Navajo Warrior Tradition In The United States Military

This video will speak for itself in visuals, in text, and in song. It is a very interesting presentation about the warrior traditions of the Native American Peoples, in particular the Navajo, and begins with the universal ideals that are shared by most, if not all of the Native American Peoples. You will clearly see, too, that these values and warrior virtues are a natural fit for service in the military.

Strength, honor, pride, devotion, wisdom: These are the values of the Native warrior tradition. These values caused many Native Americans, including hundreds of Navajos, to join the military at the beginning of WWII, even though they were not as yet considered citizens of the United States. This part of 20th century history is covered in the middle of the video and especially deals with the history of the Navajo Code Talkers, and their incredibly important role in turning the tide of victory in favor of the U.S. and our allies in the Pacific theater.

Gen. Douglas MacArthur stands next to Navajo troops.
Gen. Douglas MacArthur stands next to Navajo troops who served in WWII.

One of the things that I did not know before about the Code Talkers comes out in this part, that is, that a handful of Navajo Code Talkers were taken as POWs by the Japanese and were tortured to get their secret code out of them and not one of them ever talked.

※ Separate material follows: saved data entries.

lemma matching_partners_subset:
  assumes "is_matching n t M"
  shows "{z. {x, z} \<in> M} \<subseteq> \<Union>M \<inter> {0..n} - {x}"
proof
  fix z assume "z \<in> {z. {x, z} \<in> M}"
  then have "{x, z} \<in> M" "{x, z} \<in> Kedges n"
    using assms unfolding is_matching_def by auto
  then show "z \<in> \<Union>M \<inter> {0..n} - {x}"
    by (auto simp: doubleton_in_Kedges_iff)
qed

lemma card_matching_partners:
  assumes "is_matching n t M"
  shows "card {z. {x, z} \<in> M} = (if x \<in> \<Union>M then 1 else 0)"
proof -
  have disj: "\<forall>e\<in>M. \<forall>f\<in>M. e \<noteq> f \<longrightarrow> e \<inter> f = {}"
    using assms unfolding is_matching_def by simp
  have unique: "a = b" if "{x, a} \<in> M" "{x, b} \<in> M" for a b
  proof -
    have "{x, a} = {x, b}"
    proof (rule ccontr)
      assume "{x, a} \<noteq> {x, b}"
      with disj that have "{x, a} \<inter> {x, b} = {}" by (intro disj[rule_format])
      then show False by simp
    qed
    moreover have "a \<noteq> x" "b \<noteq> x"
      using that matching_partners_subset[OF assms, of x] by auto
    ultimately show ?thesis by (auto simp: doubleton_eq_iff)
  qed
  show ?thesis
  proof (cases "x \<in> \<Union>M")
    case True
    then obtain f where "f \<in> M" "x \<in> f" by blast
    moreover have "f \<in> Kedges n"
      using \<open>f \<in> M\<close> assms unfolding is_matching_def by blast
    then obtain u v where "f = {u, v}" by (rule KedgesE)
    ultimately obtain a where "{x, a} \<in> M" by (auto simp: insert_commute)
    with unique have "{z. {x, z} \<in> M} = {a}" by blast
    with True show ?thesis by simp
  next
    case False
    then have "{z. {x, z} \<in> M} = {}" by blast
    with False show ?thesis by simp
  qed
qed

lemma sum_nonmatching_neighbours:
  fixes p :: "nat \<Rightarrow> real"
  assumes "is_matching n t M" "x \<le> n" "y \<le> n" "x \<noteq> y" "{x, y} \<notin> M"
  shows "(\<Sum>z | z \<le> n \<and> z \<noteq> x \<and> z \<noteq> y \<and> {x, z} \<notin> M. p x + p z) =
    (real n - 1 - real (card {z. {x, z} \<in> M})) * p x + (\<Sum>z\<le>n. p z) - p x - p y
      - (\<Sum>z | {x, z} \<in> M. p z)"
proof -
  let ?P = "{z. {x, z} \<in> M}"
  let ?E = "{x, y} \<union> ?P"
  have P_sub: "?P \<subseteq> {..n} - {x, y}"
    using matching_partners_subset[OF assms(1), of x] assms(5) by auto
  then have "finite ?P" by (rule finite_subset) simp
  have "x \<notin> ?P" "y \<notin> ?P" using P_sub by blast+
  have E_sub: "?E \<subseteq> {..n}" using P_sub assms(2,3) by auto
  have card_E: "card ?E = 2 + card ?P"
    using \<open>finite ?P\<close> \<open>x \<notin> ?P\<close> \<open>y \<notin> ?P\<close> assms(4) by (subst card_Un_disjoint) auto
  have sum_E: "(\<Sum>z\<in>?E. p z) = p x + p y + (\<Sum>z\<in>?P. p z)"
    using \<open>finite ?P\<close> \<open>x \<notin> ?P\<close> \<open>y \<notin> ?P\<close> assms(4) by (subst sum.union_disjoint) auto
  have "{z. z \<le> n \<and> z \<noteq> x \<and> z \<noteq> y \<and> {x, z} \<notin> M} = {..n} - ?E" by auto
  then have "(\<Sum>z | z \<le> n \<and> z \<noteq> x \<and> z \<noteq> y \<and> {x, z} \<notin> M. p x + p z)
      = real (card ({..n} - ?E)) * p x + ((\<Sum>z\<le>n. p z) - (\<Sum>z\<in>?E. p z))"
    using E_sub by (simp add: sum.distrib sum_diff)
  also have "card ({..n} - ?E) = Suc n - (2 + card ?P)"
    using card_Diff_subset[OF _ E_sub] \<open>finite ?P\<close> card_E by simp
  then have "real (card ({..n} - ?E)) = real n - 1 - real (card ?P)"
    using card_mono[OF _ E_sub] card_E by (simp add: of_nat_diff)
  finally show ?thesis unfolding sum_E by (simp add: algebra_simps)
qed

section \<open>The positive eigenvector of \<open>P\<^sub>M\<close>\<close>

definition matched_weight :: "nat \<Rightarrow> nat \<Rightarrow> real" where
  "matched_weight n t =
     (sqrt (real n ^ 2 + 6 * real n + 9 - 16 * real t) - real n - 3 + 4 * real t) / 2"
lemma qm_closure_closed:
  assumes "\<And>\<delta>. \<delta> > 0 \<Longrightarrow> x + of_real \<delta> \<in> qm_closure M v r"
  shows "x \<in> qm_closure M v r"
proof (rule qm_closureI)
  fix \<epsilon> :: real
  assume "\<epsilon> > 0"
  then obtain q w where
    h: "nonneg_poly q" "w \<in> sos" "poly q r \<le> \<epsilon> / 2" "(1 + w) * (x + of_real (\<epsilon> / 2) + peval q v) \<in> M"
    using assms[of "\<epsilon> / 2"] by (auto elim: qm_closureE[of _ _ _ _ "\<epsilon> / 2"])
  have "nonneg_poly (q + [:\<epsilon> / 2:])"
    using h(1) \<open>\<epsilon> > 0\<close> by (auto intro!: nonneg_poly_add nonneg_poly_const)
  moreover have "peval (q + [:\<epsilon> / 2:]) v = of_real (\<epsilon> / 2) + peval q v"
    by (simp add: peval_add peval_const)
  ultimately show "\<exists>q w. nonneg_poly q \<and> w \<in> sos \<and> poly q r \<le> \<epsilon> \<and> (1 + w) * (x + peval q v) \<in> M"
    using h by (intro exI[of _ "q + [:\<epsilon> / 2:]"] exI[of _ w]) (simp add: add.assoc)
qed

lemma alg_hom_real_nonneg_if_mem_qm_closure:
  assumes f: "alg_hom_real f" "\<forall>m\<in>M. f m \<ge> 0" and a: "a \<in> qm_closure M v (f v)"
  shows "f a \<ge> 0"
proof (rule field_le_epsilon)
  fix \<epsilon> :: real
  assume "\<epsilon> > 0"
  obtain q w where q: "nonneg_poly q" "w \<in> sos" "poly q (f v) \<le> \<epsilon>" "(1 + w) * (a + peval q v) \<in> M"
    using a \<open>\<epsilon> > 0\<close> by (rule qm_closureE)
  have "0 \<le> f ((1 + w) * (a + peval q v))"
    using f(2) q(4) by blast
  also have "\<dots> = (1 + f w) * (f a + poly q (f v))"
    by (simp add: f(1) alg_hom_real_add alg_hom_real_mult alg_hom_real_one alg_hom_real_peval)
  finally have "f a + poly q (f v) \<ge> 0"
    using alg_hom_real_sos_nonneg[OF f(1) q(2)] by (simp add: zero_le_mult_iff)
  then show "0 \<le> f a + \<epsilon>"
    using q(3) by linarith
qed

locale sos_dominated_qm =
  fixes M :: "'a::{comm_ring_1,real_algebra_1} set" and v :: 'a
  assumes qm: "quadratic_module M"
    and v_sos: "v \<in> sos"
    and dominated: "\<forall>b\<in>sos. \<exists>p. nonneg_poly p \<and> peval p v - b \<in> M"
begin
(* Let $(X,d)$ be a complete metric space and $\mathcal S$ a semigroup acting on $X$. Assume there exists $k<\kappa(X)$ such that for all $(x,y)\in X\times X$ with $D(x,o(y))\le D(x,o(x))$ and for all $s\in\mathcal S$, $$\inf_{t\in\mathcal S^1} D(sx,o(tsy))\le k\,D(x,o(y)).$$ Then either all the orbits are unbounded or there exists $x\in X$ such that $sx=x$ for all $s\in\mathcal S$.
   Context: A semigroup action is a map $\mathcal S\times X\to X$, $(s,x)\mapsto sx$, with $(st)x=s(tx)$. $\mathcal S^1$ denotes $\mathcal S$ with an identity $1$ adjoined (acting as the identity map; $\mathcal S^1=\mathcal S$ if $\mathcal S$ already has an identity). The orbit of $x$ is $o(x)=\{x\}\cup\{sx:s\in\mathcal S\}$; for nonempty $C\subseteq X$, $D(x,C)=\sup\{d(x,y):y\in C\}$. $B(x,r)$ denotes the closed ball. For $c\ge1$, balls in $X$ are $c$-regular if for every $k'<c$ there are $\mu,\alpha\in(0,1)$ such that for all $x,y\in X$ and $r>0$ with $d(x,y)\ge(1-\mu)r$ there exists $z\in X$ with $B(x,(1+\mu)r)\cap B(y,k'(1+\mu)r)\subseteq B(z,\alpha r)$. The Lifschitz characteristic is $\kappa(X)=\sup\{c\ge1:\text{balls in }X\text{ are }c\text{-regular}\}$. *)

theory Defs
  imports "HOL-Analysis.Analysis"
begin

definition semigroup_action :: "('s::semigroup_mult \<Rightarrow> 'a \<Rightarrow> 'a) \<Rightarrow> bool" where
  "semigroup_action act \<longleftrightarrow> (\<forall>s t x. act (s * t) x = act s (act t x))"

text \<open>Action of S^1: None is the adjoined identity.\<close>
definition act1 :: "('s \<Rightarrow> 'a \<Rightarrow> 'a) \<Rightarrow> 's option \<Rightarrow> 'a \<Rightarrow> 'a" where
  "act1 act t x = (case t of None \<Rightarrow> x | Some s \<Rightarrow> act s x)"

definition orbit :: "('s \<Rightarrow> 'a \<Rightarrow> 'a) \<Rightarrow> 'a \<Rightarrow> 'a set" where
  "orbit act x = {x} \<union> range (\<lambda>s. act s x)"

definition Dsup :: "'a::metric_space \<Rightarrow> 'a set \<Rightarrow> ereal" where
  "Dsup x C = (SUP y\<in>C. ereal (dist x y))"

definition c_regular :: "'a::metric_space itself \<Rightarrow> real \<Rightarrow> bool" where
  "c_regular _ c \<longleftrightarrow>
     (\<forall>k'. k' < c \<longrightarrow> (\<exists>\<mu> \<alpha>. 0 < \<mu> \<and> \<mu> < 1 \<and> 0 < \<alpha> \<and> \<alpha> < 1 \<and>
        (\<forall>(x::'a) y r. r > 0 \<and> dist x y \<ge> (1 - \<mu>) * r \<longrightarrow>
           (\<exists>z. cball x ((1 + \<mu>) * r) \<inter> cball y (k' * (1 + \<mu>) * r) \<subseteq> cball z (\<alpha> * r)))))"

definition lifschitz_char :: "'a::metric_space itself \<Rightarrow> ereal" where
  "lifschitz_char T = Sup {ereal c | c. c \<ge> 1 \<and> c_regular T c}"

end

theory Submission
  imports Defs
begin

(* Let rad x be the radius of o(x) around x, and let m(x) be the infimum of the radii of balls
   containing a suborbit o(w), w in o(x).  Put K = max k 0 and fix K < k' < kappa(X).  If o(y)
   lies in B(x, a) and some point of o(x) is at distance at least a from x, the hypothesis
   yields, for every s and every b > K a, a suborbit of o(y) inside B(sx, b).  Regularity of
   balls then forces the centre y of a nearly optimal ball around a suborbit of x not to be moved
   by more than (1 - mu) m(x), so o(y) lies in that ball.  This gives a point y with
   rad y <= q rad x, q = (1 + alpha)/2 < 1, and d(x, y) <= 2 rad x.  Iterating from a point with
   bounded orbit yields a Cauchy sequence whose orbit radii tend to 0; at its limit z every
   o(x_n) lies in a small ball B(z, a_n), which puts o(z) into B(z, (K + 1) a_n), so z is a
   common fixed point. *)

lemma orbit_self [simp]: "x \<in> orbit act x"
  by (simp add: orbit_def)

lemma act_in_orbit [simp]: "act s x \<in> orbit act x"
  by (simp add: orbit_def)

lemma orbit_ne_empty [simp]: "orbit act x \<noteq> {}"
  by (simp add: orbit_def)

lemma nonneg_if_orbit_subset_cball: "orbit act w \<subseteq> cball y a \<Longrightarrow> 0 \<le> a"
  by (meson orbit_self subsetD mem_cball zero_le_dist order_trans)

lemma mem_orbit_iff: "v \<in> orbit act x \<longleftrightarrow> v = x \<or> (\<exists>s. v = act s x)"
  by (auto simp: orbit_def)

lemma act1_in_orbit: "act1 act t x \<in> orbit act x"
  by (cases t) (auto simp: act1_def)

lemma orbit_subset_orbit:
  assumes "semigroup_action act" and "w \<in> orbit act x"
  shows "orbit act w \<subseteq> orbit act x"
  using assms by (auto simp: mem_orbit_iff semigroup_action_def) (metis act_in_orbit)+

lemma Dsup_le_iff: "Dsup x C \<le> ereal a \<longleftrightarrow> C \<subseteq> cball x a"
  by (auto simp: Dsup_def SUP_le_iff)

lemma Dsup_nonneg: "C \<noteq> {} \<Longrightarrow> 0 \<le> Dsup x C"
  unfolding Dsup_def by (metis SUP_upper2 ex_in_conv zero_ereal_def zero_le_dist ereal_less_eq(3))

lemma Dsup_le_Dsup_if_cball:
  assumes "C \<subseteq> cball x a" and "v \<in> C'" and "a \<le> dist x v"
  shows "Dsup x C \<le> Dsup x C'"
proof -
  have "Dsup x C \<le> ereal (dist x v)"
    using assms(1,3) by (auto simp: Dsup_le_iff)
  also have "\<dots> \<le> Dsup x C'"
    unfolding Dsup_def using assms(2) by (rule SUP_upper)
  finally show ?thesis .
qed

lemma dist_le_sum_dist_Suc:
  fixes x :: "nat \<Rightarrow> 'a::metric_space"
  assumes "m \<le> n"
  shows "dist (x m) (x n) \<le> (\<Sum>i\<in>{m..<n}. dist (x i) (x (Suc i)))"
  using assms
proof (induction n rule: dec_induct)
  case (step n)
  then show ?case
    using dist_triangle[of "x m" "x (Suc n)" "x n"] by (simp add: dist_commute)
qed simp

lemma Cauchy_if_summable_dist:
  fixes x :: "nat \<Rightarrow> 'a::metric_space"
  assumes "summable (\<lambda>i. dist (x i) (x (Suc i)))"
  shows "Cauchy x"
  unfolding Cauchy_altdef
proof (intro allI impI)
  fix e :: real
  assume "0 < e"
  then obtain M where M: "\<And>m n. M \<le> m \<Longrightarrow> norm (\<Sum>i\<in>{m..<n}. dist (x i) (x (Suc i))) < e"
    using assms \<open>0 < e\<close> unfolding summable_Cauchy by blast
  have "dist (x m) (x n) < e" if "M \<le> m" "m < n" for m n
    using dist_le_sum_dist_Suc[of m n x] M[of m n] that by simp
  then show "\<exists>M. \<forall>m\<ge>M. \<forall>n>m. dist (x m) (x n) < e"
    by blast
qed

locale regular_contracting_action =
  fixes act :: "'s::semigroup_mult \<Rightarrow> 'a::metric_space \<Rightarrow> 'a" and K k' \<mu> \<alpha> :: real
  assumes action: "semigroup_action act"
    and contracting: "\<And>x y s. Dsup x (orbit act y) \<le> Dsup x (orbit act x) \<Longrightarrow>
      (INF t. Dsup (act s x) (orbit act (act1 act t (act s y)))) \<le> ereal K * Dsup x (orbit act y)"
    and K_nonneg: "0 \<le> K" and K_less: "K < k'"
    and \<mu>: "0 < \<mu>" "\<mu> < 1" and \<alpha>: "0 < \<alpha>" "\<alpha> < 1"
    and regular: "\<And>(x::'a) y r. 0 < r \<Longrightarrow> (1 - \<mu>) * r \<le> dist x y \<Longrightarrow>
      \<exists>z. cball x ((1 + \<mu>) * r) \<inter> cball y (k' * (1 + \<mu>) * r) \<subseteq> cball z (\<alpha> * r)"
begin

abbreviation orb :: "'a \<Rightarrow> 'a set" where "orb x \<equiv> orbit act x"

lemma orbit_subset: "w \<in> orb x \<Longrightarrow> orb w \<subseteq> orb x"
  using orbit_subset_orbit[OF action] .

lemma contracting_cball:
  assumes cond: "Dsup x (orb y) \<le> Dsup x (orb x)" and sub: "orb y \<subseteq> cball x a" and "K * a < b"
  shows "\<exists>w\<in>orb y. orb w \<subseteq> cball (act s x) b"
proof -
  have "(INF t. Dsup (act s x) (orb (act1 act t (act s y)))) \<le> ereal K * Dsup x (orb y)"
    using contracting[OF cond] .
  also have "\<dots> \<le> ereal K * ereal a"
    using sub K_nonneg by (intro ereal_mult_left_mono) (auto simp: Dsup_le_iff)
  also have "\<dots> < ereal b"
    using \<open>K * a < b\<close> by simp
  finally obtain t where "Dsup (act s x) (orb (act1 act t (act s y))) < ereal b"
    by (meson INF_less_iff)
  then have "orb (act1 act t (act s y)) \<subseteq> cball (act s x) b"
    using Dsup_le_iff less_imp_le by blast
  moreover have "act1 act t (act s y) \<in> orb y"
    using orbit_subset[OF act_in_orbit] act1_in_orbit by (rule subsetD)
  ultimately show ?thesis
    by blast
qed

text \<open>For an unbounded orbit the supremum is a junk value.\<close>
definition rad :: "'a \<Rightarrow> real" where
  "rad x = Sup (dist x ` orb x)"

lemma bdd_above_dist_orbit: "bounded (orb x) \<Longrightarrow> bdd_above (dist x ` orb x)"
  by (auto simp: bounded_any_center[of _ x] bdd_above_def)

lemma orbit_subset_cball_rad: "bounded (orb x) \<Longrightarrow> orb x \<subseteq> cball x (rad x)"
  by (auto simp: rad_def intro!: cSup_upper bdd_above_dist_orbit)

lemma rad_le: "orb x \<subseteq> cball x a \<Longrightarrow> rad x \<le> a"
  unfolding rad_def by (intro cSup_least) auto

lemma rad_nonneg: "bounded (orb x) \<Longrightarrow> 0 \<le> rad x"
  by (metis centre_in_cball orbit_self orbit_subset_cball_rad subsetD)

lemma less_rad_imp_far_point: "bounded (orb x) \<Longrightarrow> \<theta> < rad x \<Longrightarrow> \<exists>v\<in>orb x. \<theta> < dist x v"
  unfolding rad_def by (subst (asm) less_cSup_iff) (auto intro: bdd_above_dist_orbit)

definition suborbit_radii :: "'a \<Rightarrow> real set" where
  "suborbit_radii x = {a. \<exists>w\<in>orb x. \<exists>y. orb w \<subseteq> cball y a}"

definition suborbit_radius :: "'a \<Rightarrow> real" where
  "suborbit_radius x = Inf (suborbit_radii x)"

lemma suborbit_radii_nonneg: "a \<in> suborbit_radii x \<Longrightarrow> 0 \<le> a"
  unfolding suborbit_radii_def by (auto intro: nonneg_if_orbit_subset_cball)

lemma bdd_below_suborbit_radii: "bdd_below (suborbit_radii x)"
  by (meson bdd_below.I suborbit_radii_nonneg)

lemma suborbit_radius_lower: "a \<in> suborbit_radii x \<Longrightarrow> suborbit_radius x \<le> a"
  unfolding suborbit_radius_def by (rule cInf_lower[OF _ bdd_below_suborbit_radii])

lemma rad_in_suborbit_radii: "bounded (orb x) \<Longrightarrow> rad x \<in> suborbit_radii x"
  unfolding suborbit_radii_def using orbit_self orbit_subset_cball_rad by fast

The end of the video expands on the incredible service that Navajos and other Native Americans continue to give to their country. As has been said before, there is no other ethnic group in America that has given more young men and women, per capita, to the military services of the United States of America than Native Americans. They serve in every branch of the military and are proudly serving all around the world.

Few Navajo veterans of WWII are alive today.
Few Navajo veterans of WWII are alive today.

The pride that the Navajos and all of the other Native American Peoples have for their warriors today, can be seen at Pow Wows and ceremonial events. The tribal veterans lead the parades in the opening ceremonies and occupy a special place of honor throughout the Pow Wows.

A monument to Navajo Warriors in Window Rock, AZ.
A monument to Navajo Warriors at Window Rock, AZ.

Many of us living veterans today can say that we have had the honor of serving with our Native American brothers and sisters-in-arms and seeing those values of Strength, Honor, Pride, Devotion, and Wisdom lived out on the field of battle. We send our thanks to all Native Americans who have served and who are presently serving in the Armed Forces of the United States of America.